Зафрани заполнил бланк и отложил его в сторону:
«Даниил, я помогаю тебе только потому, что это твоё решение. Я не видел от тебя зла, и поэтому не препятствую тебе в том, что ты делаешь. Но ты должен знать, что – это зло.
Когда тебя освободят по психиатрической статье, перед тобой закроются все двери, ты
не найдёшь нигде даже мало-мальски приличной работы. Я надеюсь, что ты одумаешься в последнюю минуту. Даже и не верится. Если бы у меня спросили, моё истинное о тебе мнение, - я бы ответил, что такой исполнительный и идейный солдат, как ты, - с лёгкостью прослужит три года, и к тому же останется  сверхсрочно года на два».
Он снова пробежал глазами анкету, - Тут запрашивается печать начальника базы, - он помолчал, - Ну, что ж, попробуем сделать и это. Сейчас ты пойдёшь со мной.
Я не знал, что Зафрани, в своей помощи мне, может зайти так далеко. 
Мы вышли из водительской конторы и направились в канцелярию, в кабинеты забитые компьютерами, документами и секретаршами. Кабинет командира базы, находился на втором этаже. Мы поднялись. Дверь в кабинет была полуоткрыта. Зафрани осторожно заглянул вовнутрь. Кабинет был пуст. Это было в порядке вещей, так как командир часто бывал в разъездах или сновал по территории базы, улаживая всевозможные мелкие дела.
Зафрани посмотрел на меня и улыбнулся, - Стой на шухере. Если кто-то появится, начинай
что-нибудь громко насвистывать, - и исчез за дверью. Через минуту он появился в коридоре,
довольно рассматривая на свету новенькую, свеженькую печать на моей анкете.
С этой самой анкетой на следующий день я снова отправился в Беер-Шеву, в прекрасном настроении, хотя и на каком-то нервном взводе. Молва, которая не была ложной, гласила, что солдат, желающий досрочного освобождения, должен явиться к районному психиатру и пригрозить ему собственным самоубийством. Было ясно, как белый день, что система требовала от меня уничижения, на которое я не хотел, не мог и не был готов пойти. Поэтому я перевернул всё с ног на голову,
и когда снова появился в кабинете психиатра, то заявил ему, что прекрасно себя чувствую. Но, если он откажет мне в содействии, - то я открою беспорядочный огонь по сослуживцам. Так я не оставил ни одного шанса, ни себе, ни системе.
Я не мог больше оставаться в армии сам, а система, в свою очередь, больше не могла содержать меня внутри себя.
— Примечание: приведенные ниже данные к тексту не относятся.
lemma exists_order_two_in_symmetric_set:
  fixes S :: "'a::ab_group_add set"
  assumes "finite S" "0 \<in> S" "\<And>x. x \<in> S \<Longrightarrow> -x \<in> S" "even (card S)"
  obtains v where "v \<in> S" "v \<noteq> 0" "v + v = 0"
proof -
  let ?F = "{x \<in> S. x + x = 0}"
  have self_inverse: "-x = x \<longleftrightarrow> x + x = 0" for x :: 'a
    by (metis add.left_inverse minus_unique)
  have "even (card (S - ?F))"
    by (rule even_card_if_fixpoint_free_involution[where h = uminus])
      (use assms self_inverse in auto)
  moreover have "card S = card (S - ?F) + card ?F"
  proof -
    have "card ?F \<le> card S"
      using assms(1) by (rule card_mono) auto
    then show ?thesis
      using assms(1) by (simp add: card_Diff_subset)
  qed
  ultimately have "even (card ?F)"
    using assms(4) by simp
  moreover have "0 \<in> ?F"
    using assms(2) by simp
  ultimately have "?F \<noteq> {0}"
    by (intro notI) simp
  then show thesis
    using \<open>0 \<in> ?F\<close> that by blast
qed

lemma card_eq_card_doubles_mult_card_order_two:
  "card (UNIV :: 'a::{ab_group_add,finite} set) = card (range (\<lambda>a::'a. a + a)) * card {x::'a. x + x = 0}"
proof -
  let ?K = "{x::'a. x + x = 0}"
  have fibre: "{a. a + a = b + b} = (\<lambda>x. x + b) ` ?K" for b :: 'a
  proof (rule set_eqI)
    fix a :: 'a
    have "a + a = b + b \<longleftrightarrow> (a - b) + (a - b) = 0"
      by (simp add: algebra_simps)
    then show "a \<in> {a. a + a = b + b} \<longleftrightarrow> a \<in> (\<lambda>x. x + b) ` ?K"
      by (auto intro: image_eqI[where x = "a - b"])
  qed
  have "card (UNIV :: 'a set) = (\<Sum>y\<in>range (\<lambda>a::'a. a + a). card {a. a + a = y})"
    using sum_fun_comp[of UNIV "range (\<lambda>a::'a. a + a)" "\<lambda>a. a + a" "\<lambda>_. 1::nat"] by simp
  also have "\<dots> = (\<Sum>y\<in>range (\<lambda>a::'a. a + a). card ?K)"
    by (rule sum.cong) (auto simp: fibre card_image)
  finally show ?thesis
    by simp
qed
Услышав брошенный мной вызов, психиатр, тут же повёл меня в следующий кабинет, где заседал офицер, заведующий этой психиатрической единицей и принимающий все окончательные решения. Он посмотрел в документы, принесённые его подчинённым, и попросил его оставить нас вдвоём.
Офицер посмотрел на меня исподлобья и задал мне вопрос, который ничего уже не менял,
- Что заставило тебя на это пойти?
- Мне надоел весь этот бардак, весь этот смех, все эти улыбочки, - ответил я.
- Ну, и что ж? Эти люди трудятся, в отличие от тебя, а значит, имеют право смеяться и радоваться жизни.
- А ты, - обыкновенный кровосос, - он посмотрел на меня ещё раз испытующе, на что я  хладнокровно улыбнулся.
Он вынул какой-то бланк, поставил в нём печать, протянул его мне,
- Это покажешь командиру базы. С этого момента никто не имеет права тебя задерживать в армии. Автомат отвезёшь в медицинский центр «Сорока», и там его сдашь. После этого будешь свободен, как ветер в поле.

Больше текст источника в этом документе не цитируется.